Detrás del tedio y los grandes pesdares que abruman
con su peso la existencia brumosa, dichoso aquel
que puede con ala vigorosa arrojarse hacia los campos luminosos y serenos.
Baudelaire
Existen una serie de elucubraciones que dan vida a Mis dominios (2017, pista 8), en las que Enrique Bunbury, tomando como referencia al personaje de Bartleby, realiza una genialidad analógica al dejar que la vida fluya sin intentar darle gusto a los demás, inmortalizando nuevamente la frase del mentado personaje emanado de la pluma de Herman Melville: I would prefer not to.
Comenzaré por contar una anécdota, a fin de sustentar el preludio para buscar interpretar un análisis de esta alegoría. En cierta ocasión, un conocido traía una fragancia en su automóvil. Al cuestionarle si era de su agrado esa edición de la misma, contestó sin ambages que no; la usaba porque había sido un obsequio de su concubina, quien se la había regalado con cariño, y para no decepcionarla, la usaría hasta terminarla. Sin embargo, sentía incomodidad, incluso al olfato, de forma recurrente. Así caí en la cuenta de cómo, en dicha relación, mucho del diario vivir era enmascarado; ambos usaban un disfraz para agradar al otro, aunque fuera contrario a sus gustos.
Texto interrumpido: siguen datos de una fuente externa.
(* Let $G$ be a finite simple graph with threshold assignment $\tau$. Let $H$ be a triangle-free $\tau$-resistant subgraph of $G$ and let $uv$ be an edge with $u,v\in V(H)$. Define $\tau'$ by $\tau'(w)=\tau(w)$ for $w\notin V(H)$, $\tau'(w)=0$ for $w\in V(H)\setminus\{u,v\}$, $\tau'(v)=deg_G(v)$ and $\tau'(u)=deg_G(u)$. Then $\overline{\tau'}\le\overline{\tau}$.
   Context: A threshold assignment is a function $\tau:V(G)\to\{0,1,2,\dots\}$ with average $\overline{\tau}=\sum_v\tau(v)/|V(G)|$. An induced subgraph $K$ of $G$ is $\tau$-resistant if $deg_K(v)\ge deg_G(v)-\tau(v)+1$ for every vertex $v\in K$. *)

theory Defs
  imports Complex_Main
begin

definition simple_graph :: "'a set \<Rightarrow> ('a \<Rightarrow> 'a \<Rightarrow> bool) \<Rightarrow> bool" where
  "simple_graph V E \<longleftrightarrow> finite V \<and> (\<forall>x y. E x y \<longrightarrow> x \<in> V \<and> y \<in> V)
     \<and> (\<forall>x y. E x y \<longrightarrow> E y x) \<and> (\<forall>x. \<not> E x x)"

definition deg :: "'a set \<Rightarrow> ('a \<Rightarrow> 'a \<Rightarrow> bool) \<Rightarrow> 'a \<Rightarrow> nat" where
  "deg S E v = card {w \<in> S. E v w}"

definition avg_thr :: "'a set \<Rightarrow> ('a \<Rightarrow> nat) \<Rightarrow> real" where
  "avg_thr V \<tau> = (\<Sum>v\<in>V. real (\<tau> v)) / real (card V)"

definition resistant :: "'a set \<Rightarrow> ('a \<Rightarrow> 'a \<Rightarrow> bool) \<Rightarrow> ('a \<Rightarrow> nat) \<Rightarrow> 'a set \<Rightarrow> bool" where
  "resistant V E \<tau> S \<longleftrightarrow> S \<subseteq> V \<and>
     (\<forall>v\<in>S. int (deg S E v) \<ge> int (deg V E v) - int (\<tau> v) + 1)"

definition triangle_free :: "'a set \<Rightarrow> ('a \<Rightarrow> 'a \<Rightarrow> bool) \<Rightarrow> bool" where
  "triangle_free S E \<longleftrightarrow> \<not> (\<exists>x\<in>S. \<exists>y\<in>S. \<exists>z\<in>S. E x y \<and> E y z \<and> E x z)"

end

theory Submission
  imports Defs
begin

text \<open>Resistance gives \<open>deg\<^sub>G(w) \<le> \<tau>(w) + deg\<^sub>H(w) - 1\<close> on \<open>H\<close>, so in particular
  \<open>\<tau> \<ge> 1\<close> on \<open>H\<close>. Triangle-freeness makes the \<open>H\<close>-neighbourhoods of the adjacent
  vertices \<open>u, v\<close> disjoint, so \<open>deg\<^sub>H(u) + deg\<^sub>H(v) \<le> |H|\<close>. Hence the new total on \<open>H\<close>,
  \<open>deg\<^sub>G(u) + deg\<^sub>G(v)\<close>, is at most \<open>\<tau>(u) + \<tau>(v) + |H| - 2\<close>, which is at most the old
  total on \<open>H\<close>; outside \<open>H\<close> nothing changes.\<close>

lemma deg_mono:
  assumes "S \<subseteq> T" "finite T"
  shows "deg S E w \<le> deg T E w"
  unfolding deg_def using assms by (intro card_mono) auto

lemma resistant_threshold_pos:
  assumes "resistant V E \<tau> H" "finite V" "w \<in> H"
  shows "1 \<le> \<tau> w"
proof -
  have "H \<subseteq> V" and "int (deg H E w) \<ge> int (deg V E w) - int (\<tau> w) + 1"
    using assms by (auto simp: resistant_def)
  with deg_mono[of H V E w] assms(2) show ?thesis by linarith
qed

lemma triangle_free_deg_add_deg_le_card:
  assumes "triangle_free S E" "finite S" "u \<in> S" "v \<in> S" "E u v"
  shows "deg S E u + deg S E v \<le> card S"
proof -
  have "{w \<in> S. E u w} \<inter> {w \<in> S. E v w} = {}"
    using assms unfolding triangle_free_def by blast
  then have "deg S E u + deg S E v = card ({w \<in> S. E u w} \<union> {w \<in> S. E v w})"
    unfolding deg_def using assms(2) by (simp add: card_Un_disjoint)
  also have "\<dots> \<le> card S"
    using assms(2) by (intro card_mono) auto
  finally show ?thesis .
qed

lemma sum_two_plus_card_le:
  fixes f :: "'a \<Rightarrow> nat"
  assumes "finite A" "u \<in> A" "v \<in> A" "u \<noteq> v" "\<And>w. w \<in> A \<Longrightarrow> 1 \<le> f w"
  shows "f u + f v + (card A - 2) \<le> sum f A"
proof -
  have "card A - 2 = card (A - {u, v})"
    using assms(1-4) by simp
  also have "\<dots> \<le> sum f (A - {u, v})"
    using sum_bounded_below[of "A - {u, v}" 1 f] assms(5) by fastforce
  finally have "f u + f v + (card A - 2) \<le> f u + f v + sum f (A - {u, v})"
    by simp
  also have "\<dots> = sum f A"
    using assms(1-4) by (simp add: sum.remove[of A u] sum.remove[of "A - {u}" v] insert_Diff_if
        Diff_insert2[symmetric])
  finally show ?thesis .
qed

lemma avg_thr_mono:
  assumes "(\<Sum>w\<in>V. \<sigma> w) \<le> (\<Sum>w\<in>V. \<tau> w)"
  shows "avg_thr V \<sigma> \<le> avg_thr V \<tau>"
proof -
  have "(\<Sum>w\<in>V. real (\<sigma> w)) \<le> (\<Sum>w\<in>V. real (\<tau> w))"
    using assms by (metis of_nat_le_iff of_nat_sum)
  then show ?thesis
    unfolding avg_thr_def by (simp add: divide_right_mono)
qed

theorem lemma2:
  fixes V H :: "'a set" and E :: "'a \<Rightarrow> 'a \<Rightarrow> bool" and \<tau> :: "'a \<Rightarrow> nat" and u v :: 'a
  assumes "simple_graph V E"
    and "resistant V E \<tau> H"
    and "triangle_free H E"
    and "u \<in> H" and "v \<in> H" and "E u v"
  shows "avg_thr V (\<lambda>w. if w \<notin> H then \<tau> w else if w = v then deg V E v
                         else if w = u then deg V E u else 0) \<le> avg_thr V \<tau>"
    (is "avg_thr V ?\<sigma> \<le> _")
proof (rule avg_thr_mono)
  have "finite V" "H \<subseteq> V" "u \<noteq> v"
    using assms(1,2,6) by (auto simp: simple_graph_def resistant_def)
  then have "finite H"
    using finite_subset by blast
  have resistant_at: "int (deg V E w) \<le> int (\<tau> w) + int (deg H E w) - 1" if "w \<in> H" for w
    using assms(2) that by (auto simp: resistant_def)
  have "2 \<le> card H"
    using card_mono[of H "{u, v}"] \<open>finite H\<close> \<open>u \<noteq> v\<close> assms(4,5) by simp
  have "sum ?\<sigma> H = deg V E u + deg V E v"
    using \<open>finite H\<close> \<open>u \<noteq> v\<close> assms(4,5) by (simp add: sum.If_cases Int_absorb1 Int_commute)
  also have "\<dots> \<le> \<tau> u + \<tau> v + (card H - 2)"
    using triangle_free_deg_add_deg_le_card[OF assms(3) \<open>finite H\<close> assms(4-6)]
      resistant_at[OF assms(4)] resistant_at[OF assms(5)] \<open>2 \<le> card H\<close> by linarith
  also have "\<dots> \<le> sum \<tau> H"
    using sum_two_plus_card_le[OF \<open>finite H\<close> assms(4,5) \<open>u \<noteq> v\<close>]
      resistant_threshold_pos[OF assms(2) \<open>finite V\<close>] by blast
  finally have "sum ?\<sigma> H \<le> sum \<tau> H" .
  moreover have "sum ?\<sigma> (V - H) = sum \<tau> (V - H)"
    by simp
  ultimately show "sum ?\<sigma> V \<le> sum \<tau> V"
    using sum.subset_diff[OF \<open>H \<subseteq> V\<close> \<open>finite V\<close>, of ?\<sigma>]
      sum.subset_diff[OF \<open>H \<subseteq> V\<close> \<open>finite V\<close>, of \<tau>] by linarith
qed

end
lemma abs_VaR_convex_sum_le:
  assumes I: "finite I" and p: "\<And>i. i \<in> I \<Longrightarrow> 0 \<le> p i" "sum p I = 1"
    and F: "\<And>i. i \<in> I \<Longrightarrow> is_dist_fn (F i)" and \<alpha>: "0 < \<alpha>" "\<alpha> < 1"
    and Y: "\<And>i. i \<in> I \<Longrightarrow> \<bar>VaR \<alpha> (F i)\<bar> \<le> Y"
  shows "\<bar>VaR \<alpha> (\<lambda>y. \<Sum>i\<in>I. p i * F i y)\<bar> \<le> Y"
proof -
  let ?G = "\<lambda>y. \<Sum>i\<in>I. p i * F i y"
  have "is_dist_fn ?G"
    using I p F by (rule is_dist_fn_convex_sum)
  note G_VaR_le_iff = VaR_le_iff[OF this \<alpha>]
  note F_VaR_le_iff = VaR_le_iff[OF F \<alpha>]
  have upper: "\<alpha> \<le> ?G Y"
  proof -
    have "(\<Sum>i\<in>I. p i * \<alpha>) \<le> ?G Y"
      using Y F_VaR_le_iff p(1) by (intro sum_mono mult_left_mono) (auto simp: abs_le_iff)
    then show ?thesis
      using p(2) by (simp add: sum_distrib_right[symmetric])
  qed
  have lower: "?G y < \<alpha>" if "y < - Y" for y
  proof -
    have "\<not> (\<forall>i\<in>I. p i \<le> 0)"
      using sum_nonpos[of I p] p(2) by auto
    then obtain j where j: "j \<in> I" "0 < p j"
      by auto
    have "F i y < \<alpha>" if "i \<in> I" for i
      using F_VaR_le_iff[OF that, of y] Y[OF that] \<open>y < - Y\<close> by auto
    then have "?G y < (\<Sum>i\<in>I. p i * \<alpha>)"
      using j p(1) I by (intro sum_strict_mono_ex1) (auto intro: mult_left_mono less_imp_le bexI[of _ j])
    then show ?thesis
      using p(2) by (simp add: sum_distrib_right[symmetric])
  qed
  have "\<alpha> \<le> ?G (VaR \<alpha> ?G)"
    by (rule G_VaR_le_iff[THEN iffD1]) simp
  then have "- Y \<le> VaR \<alpha> ?G"
    using lower by (meson linorder_not_le)
  moreover have "VaR \<alpha> ?G \<le> Y"
    using upper G_VaR_le_iff by blast
  ultimately show ?thesis by linarith
qed

definition has_finite_mean :: "(real \<Rightarrow> real) \<Rightarrow> bool" where
  "has_finite_mean F \<longleftrightarrow> set_integrable lborel {..0} F \<and> set_integrable lborel {0<..} (\<lambda>t. 1 - F t)"

lemma set_integrable_convex_sum:
  fixes f :: "'i \<Rightarrow> real \<Rightarrow> real"
  assumes "\<And>i. i \<in> I \<Longrightarrow> set_integrable lborel A (f i)"
  shows "set_integrable lborel A (\<lambda>y. \<Sum>i\<in>I. p i * f i y)"
proof -
  have "indicator A y *\<^sub>R (\<Sum>i\<in>I. p i * f i y) = (\<Sum>i\<in>I. p i * (indicator A y *\<^sub>R f i y))" for y
    by (simp add: sum_distrib_left mult.left_commute)
  then show ?thesis
    using assms unfolding set_integrable_def by (simp add: integrable_sum integrable_mult_right)
qed

lemma has_finite_mean_convex_sum:
  assumes "sum p I = 1" "\<And>i. i \<in> I \<Longrightarrow> has_finite_mean (F i)"
  shows "has_finite_mean (\<lambda>y. \<Sum>i\<in>I. p i * F i y)"
proof -
  have "(\<lambda>t. 1 - (\<Sum>i\<in>I. p i * F i t)) = (\<lambda>t. \<Sum>i\<in>I. p i * (1 - F i t))"
    using assms(1) by (simp add: sum_subtractf right_diff_distrib)
  then show ?thesis
    using assms(2) unfolding has_finite_mean_def by (simp add: set_integrable_convex_sum)
qed

lemma dist_fn_set_integrable_Iic:
  assumes "is_dist_fn F" "has_finite_mean F"
  shows "set_integrable lborel {..c} F"
  using assms(2) unfolding has_finite_mean_def
  by (blast intro: set_integrable_Iic_if_bounded[OF is_dist_fn_measurable[OF assms(1)]
        is_dist_fn_abs_le_1[OF assms(1)]])

lemma has_finite_mean_if_L_space:
  assumes F: "is_dist_fn F" and "F \<in> L_space"
  shows "has_finite_mean F"
proof -
  obtain F1 F2 where "ls_decomp F F1 F2"
    using assms(2) unfolding L_space_def by blast
  then obtain l u where l: "(F \<longlongrightarrow> l) at_bot" and u: "(F \<longlongrightarrow> u) at_top"
    and "set_integrable lborel {..0} (\<lambda>t. F t - l)" "set_integrable lborel {0<..} (\<lambda>t. u - F t)"
    by (rule ls_decomp_tails)
  moreover have "l = 0" "u = 1"
    using tendsto_unique[OF _ l is_dist_fnD(3)[OF F]] tendsto_unique[OF _ u is_dist_fnD(4)[OF F]]
    by auto
  ultimately show ?thesis
    unfolding has_finite_mean_def by simp
qed

lemma diff_in_L_space:
  assumes F: "is_dist_fn F" "has_finite_mean F" and G: "is_dist_fn G" "has_finite_mean G"
  shows "(\<lambda>x. G x - F x) \<in> L_space"
proof -
  have "integrable (interval_measure H) (\<lambda>x. x)" if "is_dist_fn H" "has_finite_mean H" for H
    using that(2) unfolding integrable_interval_measure_id_iff_tails[OF is_dist_fnD[OF that(1)]]
    by (simp add: has_finite_mean_def)
  moreover have "bounded (range H)" if "is_dist_fn H" for H
    using is_dist_fn_abs_le_1[OF that] unfolding bounded_iff by auto
  ultimately have "ls_decomp (\<lambda>x. G x - F x) G F"
    using F G unfolding ls_decomp_def by (simp add: is_dist_fnD(1,2))
  then show ?thesis
    unfolding L_space_def by blast
qed

lemma Lim_at_bot_dist_fn_diff:
  assumes "is_dist_fn F" "is_dist_fn G"
  shows "Lim at_bot (\<lambda>x. G x - F x) = 0"
  using tendsto_diff[OF is_dist_fnD(3)[OF assms(2)] is_dist_fnD(3)[OF assms(1)]]
  by (intro tendsto_Lim) auto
Es posible remitirnos a la excelente novela En busca del tiempo perdido, en aquel momento catártico del protagonista, cuando aduce, ¡Cada vez que pienso que he malgastado los mejores años de mi vida, que he deseado la muerte y he sentido el amor más grande de mi existencia, todo por una mujer que no me gustaba, que no era de mi tipo!… (2015, pág. 247).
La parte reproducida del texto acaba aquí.